In this specific case, a citizen asked the Belgian National Security Authority for professional security clearance but was denied due to past participation in demonstrations. Seeking access to his data, the citizen approached the Supervisory Body for Police Information, which informed him he has only indirect access and that it will itself proceed to verify the lawfulness of this data processing. At last, the individual was merely informed that the necessary verifications has been carried out.

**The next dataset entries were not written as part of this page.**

lemma frob_norm_error_op_singleton: "frob_norm (error_op {i} F G) = norm (F i) * norm (G i)"
proof -
  have matrix_entry: "matrix (error_op {i} F G) $ a $ b = cnj (F i $ b) * G i $ a" for a b
    by (simp add: matrix_def error_op_def cinner_axis)
  have "trace (cadj (matrix (error_op {i} F G)) ** matrix (error_op {i} F G))
      = (\<Sum>b\<in>UNIV. \<Sum>a\<in>UNIV. of_real ((cmod (F i $ b))\<^sup>2 * (cmod (G i $ a))\<^sup>2))"
    unfolding trace_def matrix_matrix_mult_def cadj_def
    by (simp add: matrix_entry) (intro sum.cong refl; simp add: complex_norm_square[unfolded of_real_power] mult_ac)
  also have "\<dots> = of_real ((norm (F i))\<^sup>2 * (norm (G i))\<^sup>2)"
    by (simp only: norm_vec_power2 sum_distrib_left sum_distrib_right of_real_sum) (rule sum.swap)
  finally show ?thesis
    by (simp add: frob_norm_def real_sqrt_mult)
qed

lemma eps1_eq_Max: "eps1 F G = Max (range (\<lambda>i. norm (F i) * norm (G i)))"
  by (simp add: eps1_def frob_norm_error_op_singleton)

lemma norm_mult_le_eps1: "norm (F i) * norm (G i) \<le> eps1 F G"
  unfolding eps1_eq_Max by (rule Max_ge) auto

lemma eps1_eq_if_norm_mult_const:
  assumes "\<And>i. norm (F i) * norm (G i) = c"
  shows "eps1 F G = c"
proof -
  have "range (\<lambda>i. norm (F i) * norm (G i)) = {c}"
    using assms by auto
  then show ?thesis
    by (simp add: eps1_eq_Max)
qed

lemma eps1_opt_le:
  fixes F G :: "'i::finite \<Rightarrow> complex^'n"
  assumes "dual_pair F G"
  shows "eps1_opt TYPE('i) TYPE('n) \<le> eps1 F G"
  unfolding eps1_opt_def
proof (rule cInf_lower)
  show "eps1 F G \<in> {eps1 F G |(F :: 'i \<Rightarrow> complex^'n) G. dual_pair F G}"
    using assms by blast
  have "0 \<le> eps1 F' G'" for F' G' :: "'i \<Rightarrow> complex^'n"
    using norm_mult_le_eps1[of F' undefined G'] by (meson mult_nonneg_nonneg norm_ge_zero order_trans)
  then show "bdd_below {eps1 F G |(F :: 'i \<Rightarrow> complex^'n) G. dual_pair F G}"
    by (auto intro: bdd_belowI[of _ 0])
qed

theorem corollary3p5:
  fixes F G :: "'i::finite \<Rightarrow> complex^'n"
  assumes "equal_norm F" and "tight_frame F" and "is_dual F G" and "in_F1 F G"
  shows "G = canonical_dual F"
proof -
  obtain A where A: "0 < A" "frame_op F = scaleR A" and frame: "is_frame F"
    using assms(2) by (rule tight_frameE)
  obtain i0 where "F i0 \<noteq> 0"
    using tight_frame_ex_nonzero[OF assms(2)] by blast
  define d where "d = norm (F i0)"
  have d_pos: "0 < d"
    using \<open>F i0 \<noteq> 0\<close> by (simp add: d_def)
  have norm_F: "norm (F i) = d" for i
    using assms(1) unfolding equal_norm_def d_def by metis
  have norm_Gc: "norm (canonical_dual F i) = d / A" for i
    using A by (simp add: canonical_dual_eq_if_frame_op_scaleR norm_F field_simps)
  have "eps1 F G \<le> eps1 F (canonical_dual F)"
    using assms(4) eps1_opt_le frame is_dual_canonical_dual_if_frame_op_scaleR[OF A]
    unfolding in_F1_def dual_pair_def by metis
  also have "\<dots> = d * (d / A)"
    by (rule eps1_eq_if_norm_mult_const) (simp add: norm_F norm_Gc)
  finally have "d * norm (G i) \<le> d * (d / A)" for i
    using norm_mult_le_eps1[of F i G] by (simp add: norm_F)
  then have "norm (G i) \<le> norm (canonical_dual F i)" for i
    using d_pos by (metis norm_Gc mult_le_cancel_left_pos)
  then show ?thesis
    by (rule dual_eq_canonical_dual_if_norm_le[OF A assms(3)])
qed

end
(* Let $(G,\circ)$ be a finite rooted cavity-monotone network, $k\in\mathbb N$, and suppose the ball $[G,\circ]_{2k+2}$ (subgraph induced by vertices at distance at most $2k+2$ from $\circ$) is a tree. Then for every $t>0$, $$U_{\mu_\circ}\big(x^{2k}_{i\to\circ}(t):i\in\partial\circ\big)\le\mathbb E^t_G\big[|\mathcal F\cap E_\circ|\big]\le U_{\mu_\circ}\big(x^{2k+1}_{i\to\circ}(t):i\in\partial\circ\big),$$ where $\mathbf x^0(t)=\mathbf 0$ and $\mathbf x^{k+1}(t)=t\Gamma_G(\mathbf x^k(t))$.
   Context: Measures over subsets: for a finite set $E$, a measure is $\mu:2^E\to[0,\infty)$; $Z(\mathbf w)=\sum_{F\subseteq E}\mu(F)\mathbf w^F$, $\mathbf w^F=\prod_{e\in F}w_e$; the cavity ratio is $\Gamma^e_\mu(\mathbf w')=Z^{/e}(\mathbf w')/Z^{\setminus e}(\mathbf w')$ where $Z^{\setminus e}(\mathbf w')=\sum_{F\not\ni e}\mu(F)\mathbf w'^F$, $Z^{/e}(\mathbf w')=\sum_{F\not\ni e}\mu(F\cup\{e\})\mathbf w'^F$; for $\mathbf w\in[0,\infty)^E$ with $Z(\mathbf w)>0$, $\mathbb P^{\mathbf w}_\mu(\mathcal F=F)=\mu(F)\mathbf w^F/Z(\mathbf w)$ and $U_\mu(\mathbf w)=\mathbb E^{\mathbf w}_\mu|\mathcal F|$. $\mu$ is Rayleigh if for all $\mathbf w\in(0,\infty)^E$, $e\neq f$: $\mathbb P^{\mathbf w}_\mu(e,f\in\mathcal F)\le\mathbb P^{\mathbf w}_\mu(e\in\mathcal F)\mathbb P^{\mathbf w}_\mu(f\in\mathcal F)$; size-increasing if for all $\mathbf w\in(0,\infty)^E$, $e\in E$: $\mathbb E^{\mathbf w}_\mu[|\mathcal F|\mathbf 1_{e\in\mathcal F}]>\mathbb E^{\mathbf w}_\mu|\mathcal F|\,\mathbb P^{\mathbf w}_\mu(e\in\mathcal F)$; cavity-monotone if $\mu(\emptyset)>0$, Rayleigh and size-increasing. Networks: a network is a simple locally finite graph $G=(V,E)$ with, for each $i\in V$, a local measure $\mu_i$ over the subsets of $E_i$ (edges incident to $i$); cavity-monotone if every $\mu_i$ is; $\partial i$ is the set of neighbours of $i$. For finite $G$: global measure $\mu(F)=\prod_{i}\mu_i(F\cap E_i)$; $Z(G;t)=\sum_{F\subseteq E}\mu(F)t^{|F|}$; Gibbs–Boltzmann law $\mathbb P^t_G(\mathcal F=F)=\mu(F)t^{|F|}/Z(G;t)$. Configurations $\mathbf x\in[0,\infty)^{\vec E}$; cavity operator $\Gamma_G(\mathbf x)_{i\to j}=\Gamma^{ij}_{\mu_i}(x_{k\to i}:k\in\partial i\setminus\{j\})$ (the variable of $\mu_i$ on edge $ik$ set to $x_{k\to i}$). *)

theory Defs
  imports Complex_Main
begin

text \<open>A measure over the subsets of a finite set E is a function mu :: 'e set => real,
  nonnegative on the subsets of E (its values outside Pow E are irrelevant).\<close>

definition is_measure :: "'e set \<Rightarrow> ('e set \<Rightarrow> real) \<Rightarrow> bool" where
  "is_measure E mu \<longleftrightarrow> finite E \<and> (\<forall>F\<subseteq>E. mu F \<ge> 0)"

definition Zm :: "'e set \<Rightarrow> ('e set \<Rightarrow> real) \<Rightarrow> ('e \<Rightarrow> real) \<Rightarrow> real" where
  "Zm E mu w = (\<Sum>F\<in>Pow E. mu F * (\<Prod>e\<in>F. w e))"

definition Em :: "'e set \<Rightarrow> ('e set \<Rightarrow> real) \<Rightarrow> ('e \<Rightarrow> real) \<Rightarrow> ('e set \<Rightarrow> real) \<Rightarrow> real" where
  "Em E mu w g = (\<Sum>F\<in>Pow E. mu F * (\<Prod>e\<in>F. w e) * g F) / Zm E mu w"

definition Pm :: "'e set \<Rightarrow> ('e set \<Rightarrow> real) \<Rightarrow> ('e \<Rightarrow> real) \<Rightarrow> ('e set \<Rightarrow> bool) \<Rightarrow> real" where
  "Pm E mu w P = Em E mu w (\<lambda>F. if P F then 1 else 0)"

definition Um :: "'e set \<Rightarrow> ('e set \<Rightarrow> real) \<Rightarrow> ('e \<Rightarrow> real) \<Rightarrow> real" where
  "Um E mu w = Em E mu w (\<lambda>F. real (card F))"

definition Z_del :: "'e set \<Rightarrow> ('e set \<Rightarrow> real) \<Rightarrow> 'e \<Rightarrow> ('e \<Rightarrow> real) \<Rightarrow> real" where
  "Z_del E mu e w = (\<Sum>F\<in>Pow (E - {e}). mu F * (\<Prod>f\<in>F. w f))"

definition Z_con :: "'e set \<Rightarrow> ('e set \<Rightarrow> real) \<Rightarrow> 'e \<Rightarrow> ('e \<Rightarrow> real) \<Rightarrow> real" where
  "Z_con E mu e w = (\<Sum>F\<in>Pow (E - {e}). mu (insert e F) * (\<Prod>f\<in>F. w f))"

definition cavity_ratio :: "'e set \<Rightarrow> ('e set \<Rightarrow> real) \<Rightarrow> 'e \<Rightarrow> ('e \<Rightarrow> real) \<Rightarrow> real" where
  "cavity_ratio E mu e w = Z_con E mu e w / Z_del E mu e w"

definition rayleigh :: "'e set \<Rightarrow> ('e set \<Rightarrow> real) \<Rightarrow> bool" where
  "rayleigh E mu \<longleftrightarrow> (\<forall>w. (\<forall>e\<in>E. w e > 0) \<longrightarrow>
     (\<forall>e\<in>E. \<forall>f\<in>E. e \<noteq> f \<longrightarrow>
        Pm E mu w (\<lambda>F. e \<in> F \<and> f \<in> F) \<le> Pm E mu w (\<lambda>F. e \<in> F) * Pm E mu w (\<lambda>F. f \<in> F)))"

definition size_increasing :: "'e set \<Rightarrow> ('e set \<Rightarrow> real) \<Rightarrow> bool" where
  "size_increasing E mu \<longleftrightarrow> (\<forall>w. (\<forall>e\<in>E. w e > 0) \<longrightarrow>
     (\<forall>e\<in>E. Em E mu w (\<lambda>F. real (card F) * (if e \<in> F then 1 else 0))
              > Em E mu w (\<lambda>F. real (card F)) * Pm E mu w (\<lambda>F. e \<in> F)))"

definition cavity_monotone :: "'e set \<Rightarrow> ('e set \<Rightarrow> real) \<Rightarrow> bool" where
  "cavity_monotone E mu \<longleftrightarrow> is_measure E mu \<and> mu {} > 0 \<and> rayleigh E mu \<and> size_increasing E mu"

definition simple_graph :: "'v set \<Rightarrow> ('v \<Rightarrow> 'v \<Rightarrow> bool) \<Rightarrow> bool" where
  "simple_graph V adj \<longleftrightarrow> (\<forall>i j. adj i j \<longrightarrow> adj j i \<and> i \<noteq> j \<and> i \<in> V \<and> j \<in> V)"

definition edges :: "('v \<Rightarrow> 'v \<Rightarrow> bool) \<Rightarrow> 'v set set" where
  "edges adj = {{i, j} | i j. adj i j}"

definition inc_edges :: "('v \<Rightarrow> 'v \<Rightarrow> bool) \<Rightarrow> 'v \<Rightarrow> 'v set set" where
  "inc_edges adj i = {e \<in> edges adj. i \<in> e}"

definition nbrs :: "('v \<Rightarrow> 'v \<Rightarrow> bool) \<Rightarrow> 'v \<Rightarrow> 'v set" where
  "nbrs adj i = {j. adj i j}"

definition other :: "'v \<Rightarrow> 'v set \<Rightarrow> 'v" where
  "other i e = (THE k. e = {i, k})"

definition cavity_monotone_network :: "'v set \<Rightarrow> ('v \<Rightarrow> 'v \<Rightarrow> bool) \<Rightarrow> ('v \<Rightarrow> 'v set set \<Rightarrow> real) \<Rightarrow> bool" where
  "cavity_monotone_network V adj mu \<longleftrightarrow> (\<forall>i\<in>V. cavity_monotone (inc_edges adj i) (mu i))"

definition global_measure :: "'v set \<Rightarrow> ('v \<Rightarrow> 'v \<Rightarrow> bool) \<Rightarrow> ('v \<Rightarrow> 'v set set \<Rightarrow> real) \<Rightarrow> 'v set set \<Rightarrow> real" where
  "global_measure V adj mu F = (\<Prod>i\<in>V. mu i (F \<inter> inc_edges adj i))"
(* For $n\ge1$ and $1\le\ell\le n$ let $\mathcal{A}^{\mathrm{s\text{-}ind}}_{n,\ell}$ be the set of permutations $\sigma$ of $\{1,\dots,n\}$ avoiding $1324$ and $1423$ that are skew-indecomposable and satisfy $\sigma(\ell)=1$, and let $a_{n,\ell}=\lvert\mathcal{A}^{\mathrm{s\text{-}ind}}_{n,\ell}\rvert$. Then $a_{1,1}=1$, $a_{2,1}=1$, and for $n\ge3$, \[ a_{n,\ell}=2a_{n-1,\ell}+\sum_{j=1}^{\ell-1}a_{n-1,j}\quad\text{for }1\le\ell\le n-1. \] Moreover, the generating function $g(x,u)=\sum_{n=1}^\infty\sum_{\ell=1}^n a_{n,\ell}u^\ell x^n$ satisfies \[ g(x,u)=\frac{ux\Big[4u-3+4x-3ux-\sqrt{1-6ux+u^2x^2}\Big]}{4\big(u-1-ux+2x\big)}. \]
   Context: A permutation avoids a pattern $p$ if no subsequence of its one-line notation is order-isomorphic to $p$. For permutations $\pi$ of size $m$ and $\tau$ of size $r$, the skew sum $\pi\ominus\tau$ is the permutation of size $m+r$ whose first $m$ entries are $\pi(i)+r$ and whose last $r$ entries are $\tau(j)$. A permutation is skew-decomposable if it equals $\pi\ominus\tau$ for nonempty $\pi,\tau$, and skew-indecomposable otherwise. Note that $a_{n,n}=0$ for $n\ge2$. *)

theory Defs
  imports "HOL-Combinatorics.Permutations" Complex_Main
begin

text \<open>Permutations of size n are functions sigma with sigma permutes {1..n};
  sigma i is the i-th entry of the one-line notation (1-based).
  Patterns are given by their one-line notation as lists (entry i+1 is p!i).\<close>

definition contains_pattern :: "nat \<Rightarrow> (nat \<Rightarrow> nat) \<Rightarrow> nat list \<Rightarrow> bool" where
  "contains_pattern n \<sigma> p \<longleftrightarrow>
     (\<exists>\<iota> :: nat \<Rightarrow> nat.
        (\<forall>i < length p. \<iota> i \<in> {1..n}) \<and>
        (\<forall>i j. i < j \<longrightarrow> j < length p \<longrightarrow> \<iota> i < \<iota> j) \<and>
        (\<forall>i < length p. \<forall>j < length p. \<sigma> (\<iota> i) < \<sigma> (\<iota> j) \<longleftrightarrow> p ! i < p ! j))"

definition avoids_pattern :: "nat \<Rightarrow> (nat \<Rightarrow> nat) \<Rightarrow> nat list \<Rightarrow> bool" where
  "avoids_pattern n \<sigma> p \<longleftrightarrow> \<not> contains_pattern n \<sigma> p"

definition skew_sum :: "nat \<Rightarrow> (nat \<Rightarrow> nat) \<Rightarrow> nat \<Rightarrow> (nat \<Rightarrow> nat) \<Rightarrow> (nat \<Rightarrow> nat)" where
  "skew_sum m \<pi> r \<tau> = (\<lambda>i. if i \<in> {1..m} then \<pi> i + r
                            else if i \<in> {m+1..m+r} then \<tau> (i - m) else i)"

definition skew_decomposable :: "nat \<Rightarrow> (nat \<Rightarrow> nat) \<Rightarrow> bool" where
  "skew_decomposable n \<sigma> \<longleftrightarrow>
     (\<exists>m r \<pi> \<tau>. m \<ge> 1 \<and> r \<ge> 1 \<and> m + r = n \<and> \<pi> permutes {1..m} \<and> \<tau> permutes {1..r}
                \<and> \<sigma> = skew_sum m \<pi> r \<tau>)"

definition skew_indecomposable :: "nat \<Rightarrow> (nat \<Rightarrow> nat) \<Rightarrow> bool" where
  "skew_indecomposable n \<sigma> \<longleftrightarrow> \<not> skew_decomposable n \<sigma>"

definition A_sind :: "nat \<Rightarrow> nat \<Rightarrow> (nat \<Rightarrow> nat) set" where
  "A_sind n l = {\<sigma>. \<sigma> permutes {1..n} \<and> avoids_pattern n \<sigma> [1,3,2,4] \<and> avoids_pattern n \<sigma> [1,4,2,3]
                   \<and> skew_indecomposable n \<sigma> \<and> \<sigma> l = 1}"

definition a_sind :: "nat \<Rightarrow> nat \<Rightarrow> nat" where
  "a_sind n l = card (A_sind n l)"

end

theory Submission
  imports Defs
begin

The ECJ clarified that the supervisory authority's communication of verification outcomes constitutes a binding decision. It emphasized the data subject's right to challenge the authority's assessment on the legality of the data processing and whether or not it adopted corrective measures. Accordingly, the supervisory authority has to to inform the data subject of the necessary verifications and of their right to judicial remedy. However, Member States should offer comprehensive information beyond minimum disclosure, enabling the data subject to defend their rights effectively. Where minimal information is provided, courts must evaluate the public interest against citizens' procedural rights when reviewing the supervisory authority's decision.

7. Romania levies a fine of €110,000 on Rompetrol for unauthorized use of customer data in obtaining loans.

The Romanian Data Protection Authority, ANSPDCP, imposed a substantial fine on Rompetrol, a petroleum trading company, after the security breach of its clients and employees.

ANSPDCP's investigation followed multiple breach reports filed by Rompetrol between July 2021 and February 2022. The findings of the investigation revealed the unauthorized extraction of personal data from both customers and employees, subsequently used for obtaining loans without their knowledge. The illegally disclosed data contained information such as names, surnames, ID numbers, addresses and photos as well as employee salary information.

ANSPDCP's findings highlighted Rompetrol's failure to implement necessary technical and organizational measures for controlling system access, resulting in a breach of GDPR Article 32. Consequently, a €110,000 fine was imposed on Rompetrol. Although Rompetrol acknowledged the incident, they argued that they had taken sufficient security measures. They attributed the breach to a single terminated employee's unlawful actions.